As mentioned, and NFT.Storage used to be primarily based on Kubo nodes with an IPFS Cluster orchestrating things on top. This worked really well as our service first came to be. In particular, NFT.Storage first came together in just three weeks, so we needed something fast to get up and running!

After the services got popular, though, we started seeing major issues as we scaled, realizing that Kubo wasn’t necessarily designed for the use case of running a managed service provider. In the worst times, we were seeing a major outage every 1-2 weeks, and fixing these issues were more trial-and-error than best-practice debugging. As a result, we quickly got to work writing Elastic IPFS, incorporating the lessons we had learned.

Deploying Elastic IPFS had a huge impact on our service levels and performance! And we’ve continued to see things scale to over 5 billion blocks being available to the IPFS network.

We’ve also seen that it has been cheaper for us to run. We continued to run our old IPFS Cluster for a while. Even though didn’t make any new writes to it for many months, it cost significantly more to keep up than running Elastic IPFS.

Finally, using a cloud-native structure sets us up for huge improvements coming soon. In particular, w3up, our new upload API, is only enabled because of Elastic IPFS’s architecture. We discuss the benefits of w3up at length in other blog posts, but can’t wait for the performance and creativity it will unlock.

We still use Kubo nodes in certain cases - for instance, with our Pinning Service API implementation since Kubo does well fetching content from the IPFS network. This illustrates how we can utilize IPFS to choose the best infrastructure for the use case.

Future: Iroh

The n0 team is hard at work with a new IPFS implementation called Iroh. It strips down a lot of what Kubo does to improve its performance and scalability.

We’re excited about the potential of Iroh. It is being designed to be able to be used in a variety of use cases, from running a local IPFS node (even on mobile!) to building a managed service around.

Whether finds that Iroh functions better than Elastic IPFS for our needs, or we continue running Elastic IPFS, we can’t wait for a more peer-to-peer world where IPFS nodes are run on clients and backends everywhere, and think Iroh will be a big part of this.

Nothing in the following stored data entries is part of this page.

lemma matrix_add_rdistrib: "((A::'a::semiring_1^'n^'m) + B) ** C = A ** C + B ** C"
  by (vector matrix_matrix_mult_def sum.distrib[symmetric] field_simps)

lemma add_orthogonal_diagonalisation:
  "U ** diag_mat f ** W + U ** diag_mat g ** W = U ** diag_mat (\<lambda>i. f i + g i) ** (W :: real^'n^'n)"
proof -
  have diag: "diag_mat f + diag_mat g = diag_mat (\<lambda>i. f i + g i)" by (simp add: vec_eq_iff diag_mat_def)
  show ?thesis by (simp add: matrix_add_ldistrib matrix_add_rdistrib flip: diag)
qed

lemma mult_orthogonal_diagonalisation:
  assumes "orthogonal_matrix U"
  shows "(U ** diag_mat f ** transpose U) ** (U ** diag_mat g ** transpose U)
    = U ** diag_mat (\<lambda>i. f i * g i) ** transpose U"
proof -
  have diag: "diag_mat f ** diag_mat g = diag_mat (\<lambda>i. f i * g i)"
    by (simp add: vec_eq_iff matrix_mul_diag_mat_nth) (simp add: diag_mat_def)
  show ?thesis
    by (simp add: matrix_mul_assoc orthogonal_matrix_cancel_transpose_mul[OF assms] flip: diag)
qed

lemma diag_mat_1: "diag_mat (\<lambda>i. 1) = mat 1"
  by (simp add: vec_eq_iff diag_mat_def mat_def)

lemma one_orthogonal_diagonalisation:
  "orthogonal_matrix U \<Longrightarrow> U ** diag_mat (\<lambda>i. 1) ** transpose U = mat 1"
  by (simp add: diag_mat_1 orthogonal_matrix_mul_transpose)

lemma mpow_orthogonal_diagonalisation:
  assumes U: "orthogonal_matrix U" and A: "A = U ** diag_mat d ** transpose U"
  shows "mpow \<theta> A = U ** diag_mat (\<lambda>i. exp (\<theta> * ln (d i))) ** transpose U"
proof -
  have "\<theta> *\<^sub>R mlog A = U ** diag_mat (\<lambda>i. \<theta> * ln (d i)) ** transpose U"
    unfolding mlog_def spec_fun_eq[OF U A] by (simp add: scaleR_orthogonal_diagonalisation)
  thus ?thesis unfolding mpow_def mexp_def by (simp add: spec_fun_eq[OF U] comp_def)
qed

lemma mpow_add:
  assumes "sym_mat A"
  shows "mpow \<alpha> A ** mpow \<beta> A = mpow (\<alpha> + \<beta>) A"
proof -
  obtain U d where U: "orthogonal_matrix U" and A: "A = U ** diag_mat d ** transpose U"
    using sym_mat_spectral_decomposition[OF assms] .
  show ?thesis unfolding mpow_orthogonal_diagonalisation[OF U A] mult_orthogonal_diagonalisation[OF U]
    by (simp add: exp_add[symmetric] distrib_right)
qed

lemma mpow_0:
  assumes "sym_mat A"
  shows "mpow 0 A = mat 1"
proof -
  obtain U d where U: "orthogonal_matrix U" and A: "A = U ** diag_mat d ** transpose U"
    using sym_mat_spectral_decomposition[OF assms] .
  show ?thesis unfolding mpow_orthogonal_diagonalisation[OF U A]
    using one_orthogonal_diagonalisation[OF U] by simp
qed

section \<open>Frobenius norm estimates\<close>

lemma power2_norm_vec: "norm (x::real^'n) ^ 2 = (\<Sum>i\<in>UNIV. (x$i)\<^sup>2)"
  unfolding power2_norm_eq_inner inner_vec_def by (simp add: power2_eq_square)

lemma power2_norm_mat: "norm (A::real^'n^'m) ^ 2 = (\<Sum>i\<in>UNIV. norm (A$i) ^ 2)"
  by (simp add: power2_norm_eq_inner inner_vec_def)

lemma norm_matrix_vector_mult_le: "norm (A *v x) \<le> norm (A::real^'n^'m) * norm (x::real^'n)"
proof -
  have "norm (A *v x) ^ 2 = (\<Sum>i\<in>UNIV. (A$i \<bullet> x)\<^sup>2)"
    unfolding power2_norm_vec by (simp add: matrix_vector_mult_def inner_vec_def)
  also have "\<dots> \<le> (\<Sum>i\<in>UNIV. (norm (A$i) * norm x)\<^sup>2)"
  proof (intro sum_mono)
    fix i
    have "\<bar>A$i \<bullet> x\<bar>\<^sup>2 \<le> (norm (A$i) * norm x)\<^sup>2"
      by (intro power_mono Cauchy_Schwarz_ineq2) auto
    thus "(A$i \<bullet> x)\<^sup>2 \<le> (norm (A$i) * norm x)\<^sup>2" by simp
  qed
  also have "\<dots> = (norm A * norm x)\<^sup>2"
    unfolding power_mult_distrib power2_norm_mat[of A] sum_distrib_right ..
  finally show ?thesis by (rule power2_le_imp_le) simp
qed

lemma abs_quadratic_form_le: "\<bar>x \<bullet> (A *v x)\<bar> \<le> norm (A::real^'n^'n) * norm x ^ 2"
proof -
  have "\<bar>x \<bullet> (A *v x)\<bar> \<le> norm x * norm (A *v x)" by (rule Cauchy_Schwarz_ineq2)
  also have "\<dots> \<le> norm x * (norm A * norm x)"
    by (intro mult_left_mono norm_matrix_vector_mult_le) auto
  finally show ?thesis by (simp add: power2_eq_square mult_ac)
qed

lemma norm_transpose: "norm (transpose (Y::real^'n^'m)) = norm Y"
proof -
  have "norm (transpose Y) ^ 2 = (\<Sum>i\<in>UNIV. \<Sum>j\<in>UNIV. (Y$j$i)\<^sup>2)"
    unfolding power2_norm_mat power2_norm_vec by (simp add: transpose_def)
  also have "\<dots> = (\<Sum>j\<in>UNIV. \<Sum>i\<in>UNIV. (Y$j$i)\<^sup>2)" by (rule sum.swap)
  also have "\<dots> = norm Y ^ 2" unfolding power2_norm_mat power2_norm_vec ..
  finally show ?thesis by (simp add: power2_eq_iff_nonneg)
qed

lemma sym_mat_norm_matrix_mul_le:
  fixes M :: "real^'n^'n" and Y :: "real^'n^'m" and Z :: "real^'m^'n"
  assumes r: "\<And>x. norm (M *v x) \<le> r * norm x" and s: "sym_mat M"
  shows sym_mat_norm_matrix_mul_right_le: "norm (Y ** M) \<le> r * norm Y"
    and sym_mat_norm_matrix_mul_left_le: "norm (M ** Z) \<le> r * norm Z"
proof -
  have "norm (M *v axis undefined 1) \<le> r" using r[of "axis undefined 1"] by (simp add: norm_axis_1)
  hence r0: "0 \<le> r" by (rule order_trans[OF norm_ge_zero])
  have right: "norm (Y' ** M) \<le> r * norm Y'" for Y' :: "real^'n^'k"
  proof -
    have "M $ k $ j = M $ j $ k" for j k
      using arg_cong[OF s[unfolded sym_mat_def], of "\<lambda>A. A $ j $ k"] by (simp add: transpose_def)
    hence row: "(Y' ** M) $ i = M *v (Y' $ i)" for i
      by (simp add: vec_eq_iff matrix_matrix_mult_def matrix_vector_mult_def mult.commute)
    have "norm (Y' ** M) ^ 2 \<le> (\<Sum>i\<in>UNIV. (r * norm (Y'$i))\<^sup>2)"
      unfolding power2_norm_mat row by (intro sum_mono power_mono r) auto
    also have "\<dots> = (r * norm Y')\<^sup>2"
      unfolding power_mult_distrib power2_norm_mat[of Y'] sum_distrib_left ..
    finally show ?thesis by (rule power2_le_imp_le) (simp add: r0)
  qed
  show "norm (Y ** M) \<le> r * norm Y" by (rule right)
  have "norm (M ** Z) = norm (transpose Z ** M)"
    using s unfolding sym_mat_def by (metis matrix_transpose_mul norm_transpose)
  also have "\<dots> \<le> r * norm Z" using right[of "transpose Z"] by (simp add: norm_transpose)
  finally show "norm (M ** Z) \<le> r * norm Z" .
qed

How to utilize this information

It’s the best time in history to use decentralized data protocols like IPFS. There are an abundance of services and tutorials out there to help you get started with the beauty of content addressing, which will help create a better web for its users.

However, at the same time, we’re still in the first inning of how IPFS can be used! This is relevant when you decide what service provider to use. Some things we suggest taking a look at:

  • How are they architected today? Will things hold up at scale for your use case, and as they grow as a service?
  • What price do they offer today? Does it seem sustainable given their architecture? Do they have plans to become more / less price competitive over time?

As seasoned veterans at developing IPFS protocols and running IPFS infrastructure, our team has seen all sorts of things - both good and bad - as we’ve run By sharing our knowledge and experiences, we hope to help demystify IPFS to developers to make it easier for them to use it (while also getting them excited about its potential!).